How much is enough? City attorney Peter Wies argues that the city went to extraordinary lengths to screen the material. At the height of the operation, a crew of about 1,500—including police detectives and FBI agents—painstakingly separated garbage from potential body fragments. "Having lost so many of their colleagues... [the workers] had a very personal stake in the effectiveness of the search," said New York City police inspector James Luongo.

Further, attorneys argue that New York was not obligated to sift any of the material in the first place. "The possibility that the remains of some victims may not have been found," city attorneys said in court filings,"... does not empower this court to order the city of New York to commit tens of millions of taxpayers' dollars to resift and relocate the material."

Yet Horning is unrelenting. A former high school English teacher from Scotch Plains, N.J., she carries a purse adorned with her son's picture and scolds ground zero vendors for selling photos of the burning trade center. No one has named a specific price for the work that Horning is asking the city to do, but when asked how the city could justify any further expense, she asks another question. "How does Mayor Bloomberg get permission to spend how many millions of taxpayer dollars to fight us?

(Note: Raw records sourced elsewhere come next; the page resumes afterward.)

lemma fmeasurable_adm_box_union:
  assumes "0 \<notin> set a"
  shows "adm_box_union a \<in> fmeasurable (PiM {..<length a} (\<lambda>_. lborel))"
proof -
  interpret product_sigma_finite "\<lambda>_. lborel :: real measure" by standard
  define P where "P = prod_list a"
  have "P > 0" using assms unfolding P_def by (induction a) auto
  define B where "B = PiE {..<length a} (\<lambda>_. {- ln 2 .. ln (real P)})"
  have "emeasure (PiM {..<length a} (\<lambda>_. lborel)) B
      = (\<Prod>i<length a. emeasure lborel {- ln 2 .. ln (real P)})"
    unfolding B_def by (rule emeasure_PiM) auto
  also have "\<dots> < top"
    by (simp add: emeasure_lborel_Icc_eq power_less_top_ennreal)
  finally have B: "B \<in> fmeasurable (PiM {..<length a} (\<lambda>_. lborel))"
    by (intro fmeasurableI) (auto simp: B_def intro!: sets_PiM_I_finite)
  show ?thesis
  proof (rule fmeasurable_UN[OF _ _ _ B])
    fix d assume d: "d \<in> adm_d a"
    then have len: "length d = length a" by (simp add: adm_d_def)
    then show "Lbox d \<in> sets (PiM {..<length a} (\<lambda>_. lborel))"
      using sets_Lbox[of d] by simp
    show "Lbox d \<subseteq> B"
      unfolding Lbox_def B_def len
    proof (rule PiE_mono)
      fix i assume "i \<in> {..<length a}"
      then have "0 < d ! i" "d ! i \<le> P"
        using d len adm_d_nth_dvd_prod_list[OF d] \<open>P > 0\<close>
        by (auto simp: adm_d_def P_def intro: dvd_imp_le)
      then have "0 \<le> ln (real (d ! i))" "ln (real (d ! i)) \<le> ln (real P)"
        and "ln (real (d ! i) / 2) = ln (real (d ! i)) - ln 2"
        by (auto simp: ln_div)
      then show "{ln (real (d ! i) / 2)..<ln (real (d ! i))} \<subseteq> {- ln 2..ln (real P)}"
        by (smt (verit) atLeastAtMost_iff atLeastLessThan_iff subsetI)
    qed
  qed simp
qed
lemma pending_others_outcome:
  "{j\<in>A. outcome n s (a(i := y)) j \<noteq> None} =
   {j\<in>A. a j \<noteq> 0 \<and> (a j = y \<or> 2 \<le> load A a (a j))}"
proof -
  have "outcome n s (a(i := y)) j \<noteq> None \<longleftrightarrow> a j = y \<or> 2 \<le> load A a (a j)"
    if j: "j \<in> A" "a j \<noteq> 0" for j
  proof -
    have j_pending: "s j \<noteq> None" "j \<noteq> i" "j < n"
      using j others departed_idle by auto
    then have "outcome n s (a(i := y)) j \<noteq> None \<longleftrightarrow>
        (\<exists>j'<n. j' \<noteq> j \<and> s j' \<noteq> None \<and> (a(i := y)) j' = a j)"
      using j by (auto simp: outcome_def split: option.splits)
    also have "\<dots> \<longleftrightarrow> a j = y \<or> (\<exists>j'\<in>{k\<in>A. a k = a j}. j' \<noteq> j)"
    proof
      assume "\<exists>j'<n. j' \<noteq> j \<and> s j' \<noteq> None \<and> (a(i := y)) j' = a j"
      then obtain j' where "j' < n" "j' \<noteq> j" "s j' \<noteq> None" "(a(i := y)) j' = a j"
        by blast
      then show "a j = y \<or> (\<exists>j'\<in>{k\<in>A. a k = a j}. j' \<noteq> j)"
        using others by (cases "j' = i") auto
    next
      assume "a j = y \<or> (\<exists>j'\<in>{k\<in>A. a k = a j}. j' \<noteq> j)"
      then show "\<exists>j'<n. j' \<noteq> j \<and> s j' \<noteq> None \<and> (a(i := y)) j' = a j"
      proof
        assume "a j = y"
        then show ?thesis
          using self_pending j_pending by (intro exI[of _ i]) auto
      next
        assume "\<exists>j'\<in>{k\<in>A. a k = a j}. j' \<noteq> j"
        then obtain j' where "j' \<in> A" "a j' = a j" "j' \<noteq> j"
          by blast
        then show ?thesis
          using others departed_idle j by (intro exI[of _ j']) auto
      qed
    qed
    also have "(\<exists>j'\<in>{k\<in>A. a k = a j}. j' \<noteq> j) \<longleftrightarrow> 2 \<le> load A a (a j)"
      unfolding load_def using j others by (intro two_le_card_iff_other) auto
    finally show ?thesis .
  qed
  moreover have "outcome n s (a(i := y)) j = None" if "j \<in> A" "a j = 0" for j
  proof -
    have "s j = None"
      using that pending_transmit by auto
    then show ?thesis by (simp add: outcome_def)
  qed
  ultimately have "outcome n s (a(i := y)) j \<noteq> None \<longleftrightarrow> a j \<noteq> 0 \<and> (a j = y \<or> 2 \<le> load A a (a j))"
    if "j \<in> A" for j
    using that by (cases "a j = 0") simp_all
  then show ?thesis by blast
qed

lemma potential_outcome:
  assumes "y \<le> 3"
  shows "potential n i (outcome n s (a(i := y))) = continuation_value y (loads A a)"
proof (cases "y \<noteq> 0 \<and> load_of y (loads A a) = 0")
  case True
  then show ?thesis
    using outcome_self_None_iff[OF assms] by (simp add: potential_def continuation_value_def)
next
  case False
  have "\<forall>j\<in>A. a j \<le> 3"
    using departed_idle pending_transmit by fastforce
  then have "card {j\<in>A. outcome n s (a(i := y)) j \<noteq> None} = colliding_others y (loads A a)"
    unfolding pending_others_outcome using others by (intro card_colliding_others) simp_all
  then show ?thesis
    using False outcome_self_None_iff[OF assms] others
    by (auto simp: potential_def continuation_value_def)
qed

end

section \<open>The Bellman equation of f3\<close>

lemma expect_loads_continuation_transmit:
  "m \<le> 4 \<Longrightarrow> y \<in> {1, 2, 3} \<Longrightarrow> expect_loads m (continuation_value y) = latency_value m - 1"
  by (simp add: numeral_eq_Suc le_Suc_eq, elim disjE; simp add: continuation_value_def latency_value_def)

lemma expect_loads_continuation_idle:
  "m \<le> 4 \<Longrightarrow> latency_value m - 1 \<le> expect_loads m (continuation_value 0)"
  by (simp add: numeral_eq_Suc le_Suc_eq, elim disjE; simp add: continuation_value_def latency_value_def)

lemma latency_value_ge_1: "m \<le> 4 \<Longrightarrow> latency_value m \<ge> 1"
  by (auto simp: latency_value_def numeral_eq_Suc le_Suc_eq)

lemma potential_bounded: "ennreal (potential n i s) \<le> 3 * indicator {s. s i \<noteq> None} s"
  by (simp add: potential_def latency_value_def ennreal_le_iff[of 3, simplified])

lemma card_pending_others_le:
  fixes n :: nat
  assumes "i < n" "n \<le> 5"
  shows "card {j\<in>{..<n} - {i}. s j \<noteq> None} \<le> 4"
proof -
  have "card {j\<in>{..<n} - {i}. s j \<noteq> None} \<le> card ({..<n} - {i})"
    by (rule card_mono) auto
  then show ?thesis using assms by simp
qed

lemma ennreal_potential_pending:
  assumes "i < n" "n \<le> 5" "s i = Some h"
  shows "ennreal (potential n i s) =
    ennreal (latency_value (card {j\<in>{..<n} - {i}. s j \<noteq> None}) - 1) + 1"
proof -
  define m where "m = card {j\<in>{..<n} - {i}. s j \<noteq> None}"
  have "latency_value m \<ge> 1"
    unfolding m_def by (intro latency_value_ge_1 card_pending_others_le assms(1,2))
  then have "ennreal (latency_value m) = ennreal (latency_value m - 1) + ennreal 1"
    using ennreal_plus[of "latency_value m - 1" 1] by simp
  then show ?thesis
    using assms(3) by (simp add: potential_def m_def)
qed

lemma nn_integral_step_potential_departed:
  "s i = None \<Longrightarrow> (\<integral>\<^sup>+s'. ennreal (potential n i s') \<partial>step n \<sigma> s) = 0"
  by (simp add: step_def potential_def outcome_def)

lemma nn_integral_step_potential:
  assumes "i < n" "s i = Some h" "set_pmf (g h) \<subseteq> {0..3}"
  shows "(\<integral>\<^sup>+s'. ennreal (potential n i s') \<partial>step n ((\<lambda>_. f3)(i := g)) s) =
    (\<integral>\<^sup>+y. ennreal (expect_loads (card {j\<in>{..<n} - {i}. s j \<noteq> None}) (continuation_value y)) \<partial>g h)"
proof -
  define A where "A = {..<n} - {i}"
  define Q where "Q j = (case s j of None \<Rightarrow> return_pmf 0 | Some h \<Rightarrow> ((\<lambda>_. f3)(i := g)) j h)" for j
  have A: "finite A" "{..<n} = insert i A" "i \<notin> A"
    using assms by (auto simp: A_def)
  have Q_i: "Q i = g h"
    using assms by (simp add: Q_def)
  have Q_others: "\<forall>j\<in>A. Q j = (if s j \<noteq> None then pmf_of_set {1, 2, 3} else return_pmf 0)"
    by (auto simp: Q_def A_def f3_def split: option.splits)
  have "(\<integral>\<^sup>+s'. ennreal (potential n i s') \<partial>step n ((\<lambda>_. f3)(i := g)) s) =
      (\<integral>\<^sup>+y. \<integral>\<^sup>+a. ennreal (potential n i (outcome n s (a(i := y)))) \<partial>Pi_pmf A 0 Q \<partial>Q i)"
    unfolding step_def actions_def Q_def[symmetric] A(2)
    by (simp add: Pi_pmf_insert[OF A(1,3)] nn_integral_pair_pmf' case_prod_beta)
  also have "\<dots> = (\<integral>\<^sup>+y. \<integral>\<^sup>+a. ennreal (continuation_value y (loads A a)) \<partial>Pi_pmf A 0 Q \<partial>Q i)"
  proof (intro nn_integral_cong_AE AE_pmfI)
    fix y a
    assume y: "y \<in> set_pmf (Q i)" and a: "a \<in> set_pmf (Pi_pmf A 0 Q)"
    have "a \<in> PiE_dflt A 0 (set_pmf \<circ> Q)"
      by (rule subsetD[OF set_Pi_pmf_subset'[OF A(1)] a])
    then have "\<forall>j\<in>A. s j = None \<longrightarrow> a j = 0" "\<forall>j\<in>A. s j \<noteq> None \<longrightarrow> a j \<in> {1, 2, 3}"
      using Q_others by (auto simp: PiE_dflt_def)
    moreover have "y \<le> 3"
      using y Q_i assms(3) by auto
    ultimately show "ennreal (potential n i (outcome n s (a(i := y)))) =
        ennreal (continuation_value y (loads A a))"
      using potential_outcome[where n = n and i = i and s = s, OF assms(1,2) A_def] by simp
  qed
  also have "\<dots> = (\<integral>\<^sup>+y. ennreal (expect_loads (card {j\<in>A. s j \<noteq> None}) (continuation_value y)) \<partial>Q i)"
    by (intro nn_integral_cong nn_integral_Pi_pmf_loads[OF A(1) Q_others])
       (simp add: continuation_value_def latency_value_def)
  finally show ?thesis
    by (simp add: Q_i A_def)
qed

lemma potential_le_step_deviation:
  assumes "i < n" "n \<le> 5" "valid_rule 3 g"
  shows "ennreal (potential n i s) \<le>
    (\<integral>\<^sup>+s'. ennreal (potential n i s') \<partial>step n ((\<lambda>_. f3)(i := g)) s) + indicator {s. s i \<noteq> None} s"
proof (cases "s i")
  case (Some h)
  define m where "m = card {j\<in>{..<n} - {i}. s j \<noteq> None}"
  have m: "m \<le> 4"
    unfolding m_def by (rule card_pending_others_le[OF assms(1,2)])
  have g: "set_pmf (g h) \<subseteq> {0..3}"
    using assms(3) by (simp add: valid_rule_def)
  have "ennreal (potential n i s) = (\<integral>\<^sup>+y. ennreal (latency_value m - 1) \<partial>g h) + 1"
    using ennreal_potential_pending[where s = s, OF assms(1,2) Some] by (simp add: m_def measure_pmf.emeasure_space_1)
  also have "\<dots> \<le> (\<integral>\<^sup>+y. ennreal (expect_loads m (continuation_value y)) \<partial>g h) + 1"
  proof (intro add_right_mono nn_integral_mono_AE AE_pmfI ennreal_leI)
    fix y
    assume "y \<in> set_pmf (g h)"
    then have "y = 0 \<or> y \<in> {1, 2, 3}"
      using g by auto
    then show "latency_value m - 1 \<le> expect_loads m (continuation_value y)"
      using expect_loads_continuation_idle[OF m] expect_loads_continuation_transmit[OF m] by auto
  qed
  also have "\<dots> = (\<integral>\<^sup>+s'. ennreal (potential n i s') \<partial>step n ((\<lambda>_. f3)(i := g)) s) + indicator {s. s i \<noteq> None} s"
    using nn_integral_step_potential[where s = s and g = g, OF assms(1) Some g] Some by (simp add: m_def)
  finally show ?thesis .
qed (simp add: potential_def)

lemma fun_upd_f3 [simp]: "(\<lambda>_. f3)(i := f3) = (\<lambda>_. f3)"
  by (simp add: fun_eq_iff)

lemma step_f3_le_potential:
  assumes "i < n" "n \<le> 5"
  shows "(\<integral>\<^sup>+s'. ennreal (potential n i s') \<partial>step n (\<lambda>_. f3) s) + indicator {s. s i \<noteq> None} s \<le>
    ennreal (potential n i s)"
proof (cases "s i")
  case None
  then show ?thesis by (simp add: nn_integral_step_potential_departed)
next
  case (Some h)
  define m where "m = card {j\<in>{..<n} - {i}. s j \<noteq> None}"
  have m: "m \<le> 4"
    unfolding m_def by (rule card_pending_others_le[OF assms(1,2)])
  have f3_channels: "set_pmf (f3 h) \<subseteq> {0..3}"
    by (auto simp: f3_def)
  have "(\<integral>\<^sup>+s'. ennreal (potential n i s') \<partial>step n (\<lambda>_. f3) s) + indicator {s. s i \<noteq> None} s =
      (\<integral>\<^sup>+y. ennreal (expect_loads m (continuation_value y)) \<partial>f3 h) + 1"
    using nn_integral_step_potential[where s = s and g = f3, OF assms(1) Some f3_channels] Some
    by (simp add: m_def)
  also have "\<dots> = (\<integral>\<^sup>+y. ennreal (latency_value m - 1) \<partial>f3 h) + 1"
    using expect_loads_continuation_transmit[OF m]
    by (intro arg_cong2[where f = "(+)"] nn_integral_cong_AE AE_pmfI) (simp_all add: f3_def)
  also have "\<dots> = ennreal (potential n i s)"
    using ennreal_potential_pending[where s = s, OF assms(1,2) Some] by (simp add: m_def measure_pmf.emeasure_space_1)
  finally show ?thesis by simp
qed

lemma valid_rule_f3: "valid_rule 3 f3"
  by (auto simp: valid_rule_def f3_def)

lemma potential_le_exp_remaining_deviation:
  fixes p :: "state pmf"
  assumes "i < n" "n \<le> 5" "valid_rule 3 g"
  shows "(\<integral>\<^sup>+s. ennreal (potential n i s) \<partial>p) \<le> exp_remaining n ((\<lambda>_. f3)(i := g)) i p"
  using potential_le_step_deviation[OF assms] potential_bounded
  by (intro potential_le_exp_remaining[where c = 3]) auto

Bereavement expert Charles A. Guarnaccia, an associate professor of psychology at the University of North Texas, said that because of the horrific circumstances, the families of 9/11 victims would have particular difficulty recovering and a need for the closure of burial. As to whether New York should comply with the families' request, Guarnaccia said, "It depends on how much you want to pay attention to people's psychological needs. It's a judgment call. I know I would find [the decision] personally difficult."